DotA2 reaches 1,153,407 concurrent users but stumbles into pay-to-win

The success of the MOBA genre continues as one of Valve’s top-tier titles broke the symbolic threshold of one million concurrent users in February. Worldwide, the game has a monthly active user base of well over 10 million players, earning Valve just over $18 million a month. However, the Year Beast Brawl event hosted by DotA2 in honor of the Chinese New Year tiptoed into dangerous pay-to-win territory. With the ability to add a giant monster to their crew, players can upgrade their new friend either through gameplay or the cash shop, making this contrary to the game’s usual free-to-play monetization strategy. Following the criticism from its fan base it is unlikely that Valve will pursue this further as games like DotA2 and League of Legends generally emphasize a high-quality user experience over monetization. The overall MOBA market in the US generated $54 million in earnings in January. The popularity of the genre has convinced several legacy publishers to develop their own MOBA titles, like the upcoming Heroes of the Storm by Activision/Blizzard and the recently announced Supernova by Bandai-Namco.

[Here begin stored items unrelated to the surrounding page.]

lemma copies_cong:
  assumes "\<And>i j. i < s \<Longrightarrow> j < t \<Longrightarrow> B i j = B' i j"
  shows "copies B s t M n = copies B' s t M n"
  unfolding copies_def using assms by (intro arg_cong[where f = card] Collect_cong) auto


section \<open>Counting pairs with a common key\<close>

lemma card_square_le_card_keys_mult_pairs:
  fixes key :: "'a \<Rightarrow> 'k" and e :: "'a \<Rightarrow> 'b::linorder"
  assumes S: "finite S"
    and fiber_inj: "\<And>x y. x \<in> S \<Longrightarrow> y \<in> S \<Longrightarrow> key x = key y \<Longrightarrow> e x = e y \<Longrightarrow> x = y"
  shows "card S ^ 2 \<le> card (key ` S) * (2 * card {(x, y) \<in> S \<times> S. key x = key y \<and> e x < e y} + card S)"
proof -
  define F where "F k = {x \<in> S. key x = k}" for k
  define P where "P = {(x, y) \<in> S \<times> S. key x = key y}"
  define Q where "Q = {(x, y) \<in> S \<times> S. key x = key y \<and> e x < e y}"
  have finF: "finite (F k)" for k using S by (simp add: F_def)
  have "card S = (\<Sum>k\<in>key ` S. card (F k))"
    using sum.image_gen[OF S, of "\<lambda>_. 1 :: nat" key] by (simp add: F_def)
  moreover have "card P = (\<Sum>k\<in>key ` S. card (F k) ^ 2)"
  proof -
    have "P = (SIGMA x:S. F (key x))" by (auto simp: P_def F_def)
    then have "card P = (\<Sum>x\<in>S. card (F (key x)))" using S finF by simp
    also have "\<dots> = (\<Sum>k\<in>key ` S. \<Sum>x\<in>F k. card (F k))"
      using sum.image_gen[OF S, of "\<lambda>x. card (F (key x))" key] by (simp add: F_def)
    finally show ?thesis by (simp add: power2_eq_square)
  qed
  ultimately have CS: "card S ^ 2 \<le> card (key ` S) * card P"
    using sum_squared_le_sum_of_squares[of "\<lambda>k. real (card (F k))" "key ` S"]
    by (simp flip: of_nat_power of_nat_mult of_nat_sum add: mult.commute)
  have "P \<subseteq> Q \<union> prod.swap ` Q \<union> (\<lambda>x. (x, x)) ` S"
    using fiber_inj by (fastforce simp: P_def Q_def neq_iff)
  moreover have "finite Q"
    unfolding Q_def by (rule finite_subset[of _ "S \<times> S"]) (use S in auto)
  ultimately have "card P \<le> card Q + card (prod.swap ` Q) + card ((\<lambda>x. (x, x)) ` S)"
    using S by (meson card_Un_le card_mono finite_UnI finite_imageI le_trans add_le_mono order_refl)
  also have "\<dots> \<le> 2 * card Q + card S"
    using card_image_le[OF \<open>finite Q\<close>, of prod.swap] card_image_le[OF S, of "\<lambda>x. (x, x)"]
    by simp
  finally show ?thesis using CS unfolding Q_def
    by (meson le_trans mult_le_mono2)
qed


section \<open>Duplicating a row\<close>

definition dup_row :: "(nat \<Rightarrow> nat \<Rightarrow> 'a) \<Rightarrow> nat \<Rightarrow> nat \<Rightarrow> nat \<Rightarrow> 'a" where
  "dup_row B i = (\<lambda>r. B (if r \<le> i then r else r - 1))"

Three take-aways from GDC that will change the industry

First and foremost, virtual reality is a thing now. And a slew of big, billion-dollar companies are putting their money where their mouth is. Valve announced several hardware improvements to strengthen its position in battling over the center of the living room. While most of the industry’s attention was in San Francisco, HTC unveiled its new Vive device, a virtual reality head-mounted display powered by Valve’s Steam VR technology, at the Mobile World Congress in Barcelona. And we saw the latest incarnations of the Oculus Rift and Morpheus, with the latter making the most meaningful improvements. Sony also revealed the device will launch in early 2016, as anticipated in our Virtual Reality Market Brief. Second, Microsoft is aggressively pursuing cross-platform play between its Xbox One and Windows 10. Creating an ecosystem across platforms might prove instrumental in expanding the Xbox user base and helps the company capitalize on growing trends like streaming and eSports. And the announcement of Gigantic (Motiga), which can be played across platforms, proves that Microsoft is serious and may just finally silence the eternal question: PC or console? The third and final big take-away was the standing ovation following the #1ReasonToBe panel led by Brenda Romero and Leigh Alexander. As the industry has become more mainstream in recent years, diversity in game development has become a center topic in the industry. The panel tackled issues like harassment and the misconceptions about women in gaming. The positive tone of the presentation and its warm reception tells us that the industry is undergoing real change, allowing us to both appeal to a more diverse audience and elevate game development to the art form it really is.